===== DATA TO USE
lemma cantor_space_clopen_nbhd:
  fixes Q :: "'a::topological_space set"
  assumes "is_cantor_space TYPE('a)" "open Q" "x \<in> Q"
  obtains T where "clopen_set T" "infinite T" "x \<in> T" "T \<subseteq> Q"
proof -
  obtain h where h: "homeomorphic_map (euclidean :: 'a topology) cantor_top h"
    using assms(1) by (auto simp: is_cantor_space_def homeomorphic_space)
  then have cont: "continuous_map euclidean cantor_top h" and "bij h"
    using homeomorphic_imp_continuous_map homeomorphic_imp_injective_map
      homeomorphic_imp_surjective_map by (fastforce simp: bij_def)+
  have "openin cantor_top (h ` Q)"
    using homeomorphic_map_openness[OF h] assms(2) by simp
  then obtain J where J: "finite J" "cylinder J (h x) \<subseteq> h ` Q"
    using assms(3) cylinder_subset_openin by blast
  define T where "T = h -` cylinder J (h x)"
  have "clopen_set T"
    unfolding T_def clopen_set_def
    using openin_continuous_map_preimage[OF cont openin_cylinder[OF J(1)]]
      closedin_continuous_map_preimage[OF cont closedin_cylinder[OF J(1)]] by (simp add: vimage_def)
  moreover have "h ` T = cylinder J (h x)"
    using \<open>bij h\<close> by (simp add: T_def bij_is_surj surj_image_vimage_eq)
  then have "infinite T"
    using infinite_cylinder[OF J(1)] finite_imageI by metis
  moreover have "T \<subseteq> Q"
    using J(2) \<open>bij h\<close> by (auto simp: T_def bij_def) (metis inj_image_mem_iff subsetD)
  ultimately show ?thesis
    using that by (auto simp: T_def cylinder_def)
qed

lemma cantor_space_clopen_avoiding:
  fixes Q :: "'a::topological_space set"
  assumes "is_cantor_space TYPE('a)" "open Q" "Q \<noteq> {}" "finite F"
  obtains T where "clopen_set T" "T \<noteq> {}" "T \<subseteq> Q" "T \<inter> F = {}"
proof -
  obtain x where "x \<in> Q" using assms(3) by blast
  then obtain T0 where "infinite T0" "T0 \<subseteq> Q"
    using cantor_space_clopen_nbhd[OF assms(1,2)] by metis
  then have "infinite (Q - F)"
    using assms(4) by (meson Diff_infinite_finite infinite_super)
  then obtain y where y: "y \<in> Q - F"
    by (metis ex_in_conv finite.emptyI)
  have "closed F"
    using cantor_space_t1[OF assms(1)] assms(4) by (simp add: t1_space_closedin_finite)
  then have "open (Q - F)"
    using assms(2) by (simp add: open_Diff)
  then obtain T where "clopen_set T" "y \<in> T" "T \<subseteq> Q - F"
    using cantor_space_clopen_nbhd[OF assms(1)] y by metis
  then show ?thesis
    using that by blast
qed

lemma supp_comp:
  "supp (f \<circ> g) \<subseteq> supp f \<union> supp g"
  by (auto simp: supp_def)

lemma supp_inv: "bij f \<Longrightarrow> supp (inv f) = supp f"
  unfolding supp_def by (metis bij_inv_eq_iff)

lemma supp_conj:
  assumes "bij \<gamma>" shows "supp (\<gamma> \<circ> y \<circ> inv \<gamma>) = \<gamma> ` supp y"
proof -
  have "supp (\<gamma> \<circ> y \<circ> inv \<gamma>) = inv \<gamma> -` supp y"
    by (auto simp: supp_def bij_inv_eq_iff[OF assms])
  then show ?thesis
    using bij_vimage_eq_inv_image[OF bij_imp_bij_inv[OF assms]] by (simp add: inv_inv_eq assms)
qed

lemma image_disjoint_supp: "X \<inter> supp f = {} \<Longrightarrow> f ` X = X"
  by (force simp: supp_def image_iff)

lemma pstab_iff_supp: "g \<in> pstab G A \<longleftrightarrow> g \<in> G \<and> supp g \<inter> A = {}"
  by (auto simp: pstab_def supp_def)

lemma clopen_vimage_Homeo:
  assumes "g \<in> Homeo" "clopen_set T" shows "clopen_set (g -` T)"
proof -
  have "continuous_on UNIV g"
    using assms(1) homeomorphic_imp_continuous_map unfolding Homeo_def by fastforce
  then show ?thesis
    using assms(2) open_vimage closed_vimage by (auto simp: clopen_set_def)
qed

lemma bij_Homeo: "g \<in> Homeo \<Longrightarrow> bij g"
  unfolding Homeo_def bij_def
  using homeomorphic_imp_injective_map homeomorphic_imp_surjective_map by fastforce

lemma homeo_subgroup_bij: "homeo_subgroup G \<Longrightarrow> g \<in> G \<Longrightarrow> bij g"
  unfolding homeo_subgroup_def using bij_Homeo by blast

lemma homeo_subgroup_pstab:
  assumes "homeo_subgroup G" shows "homeo_subgroup (pstab G A)"
  unfolding homeo_subgroup_def
proof (intro conjI ballI)
  show "pstab G A \<subseteq> Homeo" "id \<in> pstab G A"
    using assms by (auto simp: homeo_subgroup_def pstab_def)
next
  fix f g assume "f \<in> pstab G A" "g \<in> pstab G A"
  then show "f \<circ> g \<in> pstab G A"
    using assms by (auto simp: homeo_subgroup_def pstab_def)
next
  fix f assume f: "f \<in> pstab G A"
  then have "bij f"
    using assms homeo_subgroup_bij by (auto simp: pstab_def)
  with f show "inv f \<in> pstab G A"
    using assms by (simp add: pstab_iff_supp supp_inv homeo_subgroup_def)
qed

lemma gen_subgroup_least:
  assumes "homeo_subgroup H" "S \<subseteq> H" shows "gen_subgroup S \<subseteq> H"
proof
  show "f \<in> H" if "f \<in> gen_subgroup S" for f
    using that assms by induction (auto simp: homeo_subgroup_def)
qed

lemma gen_subgroup_conj_cancel:
  assumes "\<gamma> \<in> S" "bij \<gamma>" "\<gamma> \<circ> y \<circ> inv \<gamma> \<in> gen_subgroup S"
  shows "y \<in> gen_subgroup S"
proof -
  have "y = inv \<gamma> \<circ> (\<gamma> \<circ> y \<circ> inv \<gamma>) \<circ> \<gamma>"
    using assms(2) by (simp add: fun_eq_iff bij_is_inj bij_is_surj surj_f_inv_f inv_f_f)
  then show ?thesis
    using assms by (metis gen_comp gen_elem gen_inv)
qed

definition small_supp :: "'a::topological_space set \<Rightarrow> ('a \<Rightarrow> 'a) \<Rightarrow> bool" where
  "small_supp A y \<longleftrightarrow> (\<exists>S. clopen_set S \<and> S \<inter> A = {} \<and> A \<union> S \<noteq> UNIV \<and> supp y \<subseteq> S)"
==========
WORK ORDER ::
Each entry above needs to be returned exactly as written.

EXERCISE RESPONSE ::
lemma cantor_space_clopen_nbhd:
  fixes Q :: "'a::topological_space set"
  assumes "is_cantor_space TYPE('a)" "open Q" "x \<in> Q"
  obtains T where "clopen_set T" "infinite T" "x \<in> T" "T \<subseteq> Q"
proof -
  obtain h where h: "homeomorphic_map (euclidean :: 'a topology) cantor_top h"
    using assms(1) by (auto simp: is_cantor_space_def homeomorphic_space)
  then have cont: "continuous_map euclidean cantor_top h" and "bij h"
    using homeomorphic_imp_continuous_map homeomorphic_imp_injective_map
      homeomorphic_imp_surjective_map by (fastforce simp: bij_def)+
  have "openin cantor_top (h ` Q)"
    using homeomorphic_map_openness[OF h] assms(2) by simp
  then obtain J where J: "finite J" "cylinder J (h x) \<subseteq> h ` Q"
    using assms(3) cylinder_subset_openin by blast
  define T where "T = h -` cylinder J (h x)"
  have "clopen_set T"
    unfolding T_def clopen_set_def
    using openin_continuous_map_preimage[OF cont openin_cylinder[OF J(1)]]
      closedin_continuous_map_preimage[OF cont closedin_cylinder[OF J(1)]] by (simp add: vimage_def)
  moreover have "h ` T = cylinder J (h x)"
    using \<open>bij h\<close> by (simp add: T_def bij_is_surj surj_image_vimage_eq)
  then have "infinite T"
    using infinite_cylinder[OF J(1)] finite_imageI by metis
  moreover have "T \<subseteq> Q"
    using J(2) \<open>bij h\<close> by (auto simp: T_def bij_def) (metis inj_image_mem_iff subsetD)
  ultimately show ?thesis
    using that by (auto simp: T_def cylinder_def)
qed

lemma cantor_space_clopen_avoiding:
  fixes Q :: "'a::topological_space set"
  assumes "is_cantor_space TYPE('a)" "open Q" "Q \<noteq> {}" "finite F"
  obtains T where "clopen_set T" "T \<noteq> {}" "T \<subseteq> Q" "T \<inter> F = {}"
proof -
  obtain x where "x \<in> Q" using assms(3) by blast
  then obtain T0 where "infinite T0" "T0 \<subseteq> Q"
    using cantor_space_clopen_nbhd[OF assms(1,2)] by metis
  then have "infinite (Q - F)"
    using assms(4) by (meson Diff_infinite_finite infinite_super)
  then obtain y where y: "y \<in> Q - F"
    by (metis ex_in_conv finite.emptyI)
  have "closed F"
    using cantor_space_t1[OF assms(1)] assms(4) by (simp add: t1_space_closedin_finite)
  then have "open (Q - F)"
    using assms(2) by (simp add: open_Diff)
  then obtain T where "clopen_set T" "y \<in> T" "T \<subseteq> Q - F"
    using cantor_space_clopen_nbhd[OF assms(1)] y by metis
  then show ?thesis
    using that by blast
qed

lemma supp_comp:
  "supp (f \<circ> g) \<subseteq> supp f \<union> supp g"
  by (auto simp: supp_def)

lemma supp_inv: "bij f \<Longrightarrow> supp (inv f) = supp f"
  unfolding supp_def by (metis bij_inv_eq_iff)

lemma supp_conj:
  assumes "bij \<gamma>" shows "supp (\<gamma> \<circ> y \<circ> inv \<gamma>) = \<gamma> ` supp y"
proof -
  have "supp (\<gamma> \<circ> y \<circ> inv \<gamma>) = inv \<gamma> -` supp y"
    by (auto simp: supp_def bij_inv_eq_iff[OF assms])
  then show ?thesis
    using bij_vimage_eq_inv_image[OF bij_imp_bij_inv[OF assms]] by (simp add: inv_inv_eq assms)
qed

lemma image_disjoint_supp: "X \<inter> supp f = {} \<Longrightarrow> f ` X = X"
  by (force simp: supp_def image_iff)

lemma pstab_iff_supp: "g \<in> pstab G A \<longleftrightarrow> g \<in> G \<and> supp g \<inter> A = {}"
  by (auto simp: pstab_def supp_def)

lemma clopen_vimage_Homeo:
  assumes "g \<in> Homeo" "clopen_set T" shows "clopen_set (g -` T)"
proof -
  have "continuous_on UNIV g"
    using assms(1) homeomorphic_imp_continuous_map unfolding Homeo_def by fastforce
  then show ?thesis
    using assms(2) open_vimage closed_vimage by (auto simp: clopen_set_def)
qed

lemma bij_Homeo: "g \<in> Homeo \<Longrightarrow> bij g"
  unfolding Homeo_def bij_def
  using homeomorphic_imp_injective_map homeomorphic_imp_surjective_map by fastforce

lemma homeo_subgroup_bij: "homeo_subgroup G \<Longrightarrow> g \<in> G \<Longrightarrow> bij g"
  unfolding homeo_subgroup_def using bij_Homeo by blast

lemma homeo_subgroup_pstab:
  assumes "homeo_subgroup G" shows "homeo_subgroup (pstab G A)"
  unfolding homeo_subgroup_def
proof (intro conjI ballI)
  show "pstab G A \<subseteq> Homeo" "id \<in> pstab G A"
    using assms by (auto simp: homeo_subgroup_def pstab_def)
next
  fix f g assume "f \<in> pstab G A" "g \<in> pstab G A"
  then show "f \<circ> g \<in> pstab G A"
    using assms by (auto simp: homeo_subgroup_def pstab_def)
next
  fix f assume f: "f \<in> pstab G A"
  then have "bij f"
    using assms homeo_subgroup_bij by (auto simp: pstab_def)
  with f show "inv f \<in> pstab G A"
    using assms by (simp add: pstab_iff_supp supp_inv homeo_subgroup_def)
qed

lemma gen_subgroup_least:
  assumes "homeo_subgroup H" "S \<subseteq> H" shows "gen_subgroup S \<subseteq> H"
proof
  show "f \<in> H" if "f \<in> gen_subgroup S" for f
    using that assms by induction (auto simp: homeo_subgroup_def)
qed

lemma gen_subgroup_conj_cancel:
  assumes "\<gamma> \<in> S" "bij \<gamma>" "\<gamma> \<circ> y \<circ> inv \<gamma> \<in> gen_subgroup S"
  shows "y \<in> gen_subgroup S"
proof -
  have "y = inv \<gamma> \<circ> (\<gamma> \<circ> y \<circ> inv \<gamma>) \<circ> \<gamma>"
    using assms(2) by (simp add: fun_eq_iff bij_is_inj bij_is_surj surj_f_inv_f inv_f_f)
  then show ?thesis
    using assms by (metis gen_comp gen_elem gen_inv)
qed

definition small_supp :: "'a::topological_space set \<Rightarrow> ('a \<Rightarrow> 'a) \<Rightarrow> bool" where
  "small_supp A y \<longleftrightarrow> (\<exists>S. clopen_set S \<and> S \<inter> A = {} \<and> A \<union> S \<noteq> UNIV \<and> supp y \<subseteq> S)"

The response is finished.